● WHAT TO WORK ON: In your answer, every line of the records should be written out exactly.

■ ■ ■

lemma regularI:
  assumes R_rule: "is_rule (ar c) R"
    and left: "\<And>xs. length xs = ar c \<Longrightarrow>
      I c xs \<in> Dp \<longleftrightarrow> (\<exists>(P, Q)\<in>fst R. \<not> mc Dp Dc (sel xs P) (sel xs Q))"
    and right: "\<And>xs. length xs = ar c \<Longrightarrow>
      I c xs \<notin> Dc \<longleftrightarrow> (\<exists>(P, Q)\<in>snd R. \<not> mc Dp Dc (sel xs P) (sel xs Q))"
  shows "regular Val ar I Dp Dc c R"
  unfolding regular_def
proof (intro conjI R_rule allI impI)
  fix \<Gamma> \<Delta> Fs
  assume "(\<forall>F\<in>\<Gamma> \<union> \<Delta> \<union> set Fs. wff ar F) \<and> length Fs = ar c"
  then have len: "length Fs = ar c" by simp
  then have "\<forall>(P, Q)\<in>fst R. P \<subseteq> {1..length Fs} \<and> Q \<subseteq> {1..length Fs}"
    and "\<forall>(P, Q)\<in>snd R. P \<subseteq> {1..length Fs} \<and> Q \<subseteq> {1..length Fs}"
    using R_rule unfolding is_rule_def by auto
  with left right len
  show "ent Val I Dp Dc (insert (App c Fs) \<Gamma>) \<Delta> \<longleftrightarrow>
      (\<forall>(P, Q)\<in>fst R. ent Val I Dp Dc (\<Gamma> \<union> sel Fs P) (sel Fs Q \<union> \<Delta>))"
    and "ent Val I Dp Dc \<Gamma> (insert (App c Fs) \<Delta>) \<longleftrightarrow>
      (\<forall>(P, Q)\<in>snd R. ent Val I Dp Dc (\<Gamma> \<union> sel Fs P) (sel Fs Q \<union> \<Delta>))"
    by (simp_all add: ent_insert_left_iff ent_insert_right_iff ent_premises_iff)
qed

definition constant_rule :: "'v set \<Rightarrow> 'v set \<Rightarrow> 'v \<Rightarrow> rule" where
  "constant_rule Dp Dc a = ({B. B = ({}, {}) \<and> a \<in> Dp}, {B. B = ({}, {}) \<and> a \<notin> Dc})"

lemma regular_constant_rule:
  "regular Val (ext_ar ar 0) (ext_I I (\<lambda>_. a)) Dp Dc None (constant_rule Dp Dc a)"
  by (rule regularI) (auto simp: is_rule_def constant_rule_def ext_ar_def ext_I_def sel_def mc_def)

lemma regular_nullary_rule:
  assumes reg: "regular Val ar I Dp Dc c R" and nullary: "ar c = 0" and "Val \<noteq> {}"
  shows "fst R = {} \<longleftrightarrow> I c [] \<notin> Dp" and "snd R = {} \<longleftrightarrow> I c [] \<in> Dc"
proof -
  have R_rule: "is_rule 0 R" using reg nullary unfolding regular_def by simp
  have args: "(\<forall>F\<in>{} \<union> {} \<union> set []. wff ar F) \<and> length [] = ar c"
    using nullary by simp
  have no_premise: "\<not> ent Val I Dp Dc ({} \<union> sel [] P) (sel [] Q \<union> {})"
    if "(P, Q) \<in> fst R \<union> snd R" for P Q
    using bspec[OF R_rule[unfolded is_rule_def] that] \<open>Val \<noteq> {}\<close>
    by (simp add: ent_def mc_def sel_def)
  have "ent Val I Dp Dc {App c []} {} \<longleftrightarrow> fst R = {}"
    and "ent Val I Dp Dc {} {App c []} \<longleftrightarrow> snd R = {}"
    using reg[unfolded regular_def, THEN conjunct2, rule_format, OF args] no_premise by auto
  then show "fst R = {} \<longleftrightarrow> I c [] \<notin> Dp" and "snd R = {} \<longleftrightarrow> I c [] \<in> Dc"
    using \<open>Val \<noteq> {}\<close> by (auto simp: ent_def mc_def)
qed

lemma classical_nullary_rule:
  assumes "classical_regular 0 g R"
  shows "fst R = {} \<longleftrightarrow> snd R \<noteq> {}"
  using regular_nullary_rule[OF assms[unfolded classical_regular_def]] by simp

■ ■ ■

● ANSWER TO THE EXERCISE:
lemma regularI:
  assumes R_rule: "is_rule (ar c) R"
    and left: "\<And>xs. length xs = ar c \<Longrightarrow>
      I c xs \<in> Dp \<longleftrightarrow> (\<exists>(P, Q)\<in>fst R. \<not> mc Dp Dc (sel xs P) (sel xs Q))"
    and right: "\<And>xs. length xs = ar c \<Longrightarrow>
      I c xs \<notin> Dc \<longleftrightarrow> (\<exists>(P, Q)\<in>snd R. \<not> mc Dp Dc (sel xs P) (sel xs Q))"
  shows "regular Val ar I Dp Dc c R"
  unfolding regular_def
proof (intro conjI R_rule allI impI)
  fix \<Gamma> \<Delta> Fs
  assume "(\<forall>F\<in>\<Gamma> \<union> \<Delta> \<union> set Fs. wff ar F) \<and> length Fs = ar c"
  then have len: "length Fs = ar c" by simp
  then have "\<forall>(P, Q)\<in>fst R. P \<subseteq> {1..length Fs} \<and> Q \<subseteq> {1..length Fs}"
    and "\<forall>(P, Q)\<in>snd R. P \<subseteq> {1..length Fs} \<and> Q \<subseteq> {1..length Fs}"
    using R_rule unfolding is_rule_def by auto
  with left right len
  show "ent Val I Dp Dc (insert (App c Fs) \<Gamma>) \<Delta> \<longleftrightarrow>
      (\<forall>(P, Q)\<in>fst R. ent Val I Dp Dc (\<Gamma> \<union> sel Fs P) (sel Fs Q \<union> \<Delta>))"
    and "ent Val I Dp Dc \<Gamma> (insert (App c Fs) \<Delta>) \<longleftrightarrow>
      (\<forall>(P, Q)\<in>snd R. ent Val I Dp Dc (\<Gamma> \<union> sel Fs P) (sel Fs Q \<union> \<Delta>))"
    by (simp_all add: ent_insert_left_iff ent_insert_right_iff ent_premises_iff)
qed

definition constant_rule :: "'v set \<Rightarrow> 'v set \<Rightarrow> 'v \<Rightarrow> rule" where
  "constant_rule Dp Dc a = ({B. B = ({}, {}) \<and> a \<in> Dp}, {B. B = ({}, {}) \<and> a \<notin> Dc})"

lemma regular_constant_rule:
  "regular Val (ext_ar ar 0) (ext_I I (\<lambda>_. a)) Dp Dc None (constant_rule Dp Dc a)"
  by (rule regularI) (auto simp: is_rule_def constant_rule_def ext_ar_def ext_I_def sel_def mc_def)

lemma regular_nullary_rule:
  assumes reg: "regular Val ar I Dp Dc c R" and nullary: "ar c = 0" and "Val \<noteq> {}"
  shows "fst R = {} \<longleftrightarrow> I c [] \<notin> Dp" and "snd R = {} \<longleftrightarrow> I c [] \<in> Dc"
proof -
  have R_rule: "is_rule 0 R" using reg nullary unfolding regular_def by simp
  have args: "(\<forall>F\<in>{} \<union> {} \<union> set []. wff ar F) \<and> length [] = ar c"
    using nullary by simp
  have no_premise: "\<not> ent Val I Dp Dc ({} \<union> sel [] P) (sel [] Q \<union> {})"
    if "(P, Q) \<in> fst R \<union> snd R" for P Q
    using bspec[OF R_rule[unfolded is_rule_def] that] \<open>Val \<noteq> {}\<close>
    by (simp add: ent_def mc_def sel_def)
  have "ent Val I Dp Dc {App c []} {} \<longleftrightarrow> fst R = {}"
    and "ent Val I Dp Dc {} {App c []} \<longleftrightarrow> snd R = {}"
    using reg[unfolded regular_def, THEN conjunct2, rule_format, OF args] no_premise by auto
  then show "fst R = {} \<longleftrightarrow> I c [] \<notin> Dp" and "snd R = {} \<longleftrightarrow> I c [] \<in> Dc"
    using \<open>Val \<noteq> {}\<close> by (auto simp: ent_def mc_def)
qed

lemma classical_nullary_rule:
  assumes "classical_regular 0 g R"
  shows "fst R = {} \<longleftrightarrow> snd R \<noteq> {}"
  using regular_nullary_rule[OF assms[unfolded classical_regular_def]] by simp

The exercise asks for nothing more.